Sa chute produisit un léger tremblement de terre. Les cris des passants pris au dépourvu se mêlèrent au crissement féroce des pneus. L'ivoire gauche de Jullien, qui s'était détaché par la force du choc, tranperça le berger allemand de M. Michot qui le promenait à la laisse en toute innocence. Ce dernier (entre parenthèses) ne fut jamais indemnisé.
Selon le dossier médical, le pauvre mourut sans souffrir, sur le coup. Il ne saigna pas, n'eut pas de convulsions et la foule qui s'était amassée autour de lui ne put voir qu'une sorte d'énorme sac froissé rempli, sans doute, de miettes d'os et de la bouillie des intestins écrasés. Un des badauds prétendit pourtant avoir vu trembloter ses paupières. Une fille de six ans qui essayait de toucher sa trompe fut brutalement retirée par sa maman. On expliqua aux enfants que "le petit élépho fait dodo". A la question "pourquoi l'élépho fait dodo au milieu de la rue?", les enfants n'eurent pas de réponse.
La police encercla le lieu du drame et traça à la craie sur le sol triste du corps de Jullien. Les journalistes au nombre tout à fait invraisemblable s'agitaient autour de la barrière avec leurs caméras et questions. L'un d'entre eux essaya de rajuster l'oreille de Jullien afin de la rendre plus photogénique, mais fut sévèrement interrompu par un agent de police.
Vu l'étrangeté de l'accident il était décidé de faire l'autopsie du corps. Jullien fut donc déposé sur une plate-forme à l'aide d'une grue et transporté à la morgue où il causa pas mal de difficultés: il n'entrait pas dans les portes, sa peau était trop dure pour le scalpel.

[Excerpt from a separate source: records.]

(* Let $\gamma_0:[1,2]\to\mathbf{C}$ be the piecewise affine path with $\gamma_0(1)=-2+i$, $\gamma_0(1.25)=1+i$, $\gamma_0(1.5)=1-i$, $\gamma_0(1.75)=-1-i$, $\gamma_0(2)=-1+2i$, affine on each of the intervals $[1,1.25],[1.25,1.5],[1.5,1.75],[1.75,2]$. Then every continuous path $\gamma:[1,2]\to\mathbf{C}$ with $\sup_{t\in[1,2]}|\gamma(t)-\gamma_0(t)|<1/2$ separates $0$ from $\infty$, i.e. $0$ lies in a bounded connected component of $\mathbf{C}\setminus\gamma([1,2])$. *)

theory Defs
  imports "HOL-Analysis.Analysis"
begin

definition gamma0 :: "real \<Rightarrow> complex" where
  "gamma0 t =
    (if t \<le> 5/4 then linepath (Complex (-2) 1) (Complex 1 1) (4 * (t - 1))
     else if t \<le> 3/2 then linepath (Complex 1 1) (Complex 1 (-1)) (4 * (t - 5/4))
     else if t \<le> 7/4 then linepath (Complex 1 (-1)) (Complex (-1) (-1)) (4 * (t - 3/2))
     else linepath (Complex (-1) (-1)) (Complex (-1) 2) (4 * (t - 7/4)))"

end

(*
  Near gamma0, the path gamma runs on the four quarters of [1,2] through the half-planes
  Im z > 1/2, Re z > 1/2, Im z < -1/2 and Re z < -1/2 in turn. Its first quarter crosses the
  rectangle [-3/2,1/2] x [1/2,3/2] from left to right and its last quarter crosses it from
  bottom to top, so by the Fashoda meet theorem gamma s = gamma t for some s <= 5/4 and t >= 7/4.
  The loop gamma|[s,t] visits the four half-planes in clockwise order; a straight-line homotopy
  to a clockwise circle therefore avoids 0, the loop winds -1 times around 0, and 0 cannot lie
  in the unbounded component of its complement.
*)
theory Submission
  imports Defs "HOL-Complex_Analysis.Winding_Numbers"
begin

Pourtant l'autopsie fut faite et la conclusion prononcée - aucune allusion sur la provenance extraterrestre de Jullien n'était admissible. Il pesait une tonne et demie, était âgé de trois ans, appartenait au groupe ......... très répandu et se reproduisait volontairement dans les prairies sèches de l'Afrique centrale.
Bien évidemment le corps encombrant de Jullien fit la couverture de tous les journaux, magazines et infos ne laissant qu'un petit coin à la guerre en cours, écrasant complètement les stars du moment. Le rapport des services aériens était intégralement cité, même par de sérieux quotidiens de référence: aucun avion ne se trouvait dans le ciel au moment de la chute! Même en supposant que Jullien fut catapulté à une grande vitesse accrue par un fort vent latéral, il devait y avoir un avion porteur. Hélas, le ciel était vide.
On parla beaucoup d'un acte terroriste. Les calculs les plus osés virent le jour. Les façades des immeubles voisins étaient scrupuleusement examinées, mais aucune trace d'un dispositif pour lancer les éléphants n'avait été trouvée.
Les suppositions plus farfelues les unes que les autres furent avancées. Nombreux étaient les adeptes de l'hypothèse d'un dirigeable compliqué qui avait largué Jullien à une grande altitude et s'était sauvé en douce. On soupçonnait même M. Copperfield...
Le deuxième éléphant tomba une semaine plus tard au milieu d'une plage nudiste à quelques dizaines de kilomètres de Jullien. [...]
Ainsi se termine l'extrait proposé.